▶ _Activity_
List each line of the data in which the string "then" appears.

─── Supplied records ───

lemma chebyshev_suminf_strict:
  fixes w p r :: "nat \<Rightarrow> real"
  assumes w_pos: "\<And>i. w i > 0" and sw: "summable w" and swr: "summable (\<lambda>i. w i * r i)"
    and swp: "summable (\<lambda>i. w i * p i)" and swpr: "summable (\<lambda>i. w i * p i * r i)"
    and r_dec: "\<And>i. r (Suc i) < r i" and p_inc: "incseq p" and p_nonconst: "p 0 < p n"
  shows "(\<Sum>i. w i * p i * r i) * (\<Sum>i. w i) < (\<Sum>i. w i * p i) * (\<Sum>i. w i * r i)"
proof -
  define A B C E where "A = (\<Sum>i. w i * p i * r i)" and "B = (\<Sum>i. w i)"
    and "C = (\<Sum>i. w i * p i)" and "E = (\<Sum>i. w i * r i)"
  define \<rho> where "\<rho> = E / B"
  have B_pos: "B > 0"
    unfolding B_def using suminf_pos[OF sw w_pos] .
  have E_eq: "E = \<rho> * B"
    using B_pos by (simp add: \<rho>_def)
  have \<rho>_lt_r0: "\<rho> < r 0" and "\<exists>k. r k < \<rho>"
    using weighted_mean_bounds[OF w_pos sw swr r_dec] by (simp_all add: \<rho>_def B_def E_def)
  define m where "m = (LEAST k. r k < \<rho>)"
  have below: "r i < \<rho> \<longleftrightarrow> m \<le> i" for i
  proof
    show "r i < \<rho> \<Longrightarrow> m \<le> i"
      unfolding m_def by (rule Least_le)
    have "r m < \<rho>"
      unfolding m_def by (rule LeastI_ex) fact
    then show "m \<le> i \<Longrightarrow> r i < \<rho>"
      using lift_Suc_antimono_le[of r, OF less_imp_le[OF r_dec], of m i] by simp
  qed
  \<comment> \<open>\<open>m\<close> is where \<open>r\<close> drops below its weighted mean, so every term of
      \<open>\<Sum>i. w i * (p i - p m) * (r i - \<rho>)\<close> is \<open>\<le> 0\<close>, and that series sums to \<open>A - \<rho> * C\<close>.\<close>
  have sign: "(p i - p m) * (r i - \<rho>) \<le> 0" for i
    using below[of i] incseqD[OF p_inc, of i m] incseqD[OF p_inc, of m i]
    by (cases "m \<le> i") (auto simp: mult_le_0_iff)
  have "\<exists>j. (p j - p m) * (r j - \<rho>) < 0"
  proof (cases "p 0 < p m")
    case True
    then show ?thesis
      using \<rho>_lt_r0 by (intro exI[of _ 0]) (simp add: mult_less_0_iff)
  next
    case False
    then have "p m < p n"
      using p_nonconst incseqD[OF p_inc, of 0 m] by simp
    then have "m \<le> n"
      using incseqD[OF p_inc, of n m] by (cases "m \<le> n") auto
    then show ?thesis
      using below[of n] \<open>p m < p n\<close> by (intro exI[of _ n]) (simp add: mult_less_0_iff)
  qed
  then obtain j where "(p j - p m) * (r j - \<rho>) < 0" ..
  have expand: "w i * ((p i - p m) * (r i - \<rho>))
      = w i * p i * r i - \<rho> * (w i * p i) - p m * (w i * r i) + p m * \<rho> * w i" for i
    by (simp add: algebra_simps)
  have sums: "(\<lambda>i. w i * ((p i - p m) * (r i - \<rho>))) sums (A - \<rho> * C - p m * E + p m * \<rho> * B)"
    unfolding expand A_def B_def C_def E_def
    by (intro sums_add sums_diff sums_mult summable_sums swpr swp swr sw)
  have "(\<Sum>i. w i * ((p i - p m) * (r i - \<rho>))) < (\<Sum>i. 0)"
  proof (rule suminf_less_suminf[where i = j])
    show "w i * ((p i - p m) * (r i - \<rho>)) \<le> 0" for i
      using w_pos[of i] sign[of i] by (simp add: mult_nonneg_nonpos)
    show "w j * ((p j - p m) * (r j - \<rho>)) < 0"
      using w_pos[of j] \<open>(p j - p m) * (r j - \<rho>) < 0\<close> by (simp add: mult_pos_neg)
  qed (use sums_summable[OF sums] in auto)
  then have "A - \<rho> * C < 0"
    using sums_unique[OF sums] E_eq by (simp add: algebra_simps)
  then show ?thesis
    using B_pos E_eq by (simp flip: A_def B_def C_def E_def) (simp add: algebra_simps)
qed

lemma Gamma_real_plus1: "x > 0 \<Longrightarrow> Gamma (x + 1) = x * Gamma (x :: real)"
  by (rule Gamma_plus1) (auto dest: nonpos_Ints_nonpos)

definition hyp0F2_term :: "real \<Rightarrow> real \<Rightarrow> real \<Rightarrow> nat \<Rightarrow> real" where
  "hyp0F2_term a b y k = y ^ k / (Gamma (real k + a) * Gamma (real k + b))"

───

▶ _Response for this exercise_
    then show "m \<le> i \<Longrightarrow> r i < \<rho>"
    then show ?thesis
    then have "p m < p n"
    then have "m \<le> n"
    then show ?thesis
  then obtain j where "(p j - p m) * (r j - \<rho>) < 0" ..
  then have "A - \<rho> * C < 0"
  then show ?thesis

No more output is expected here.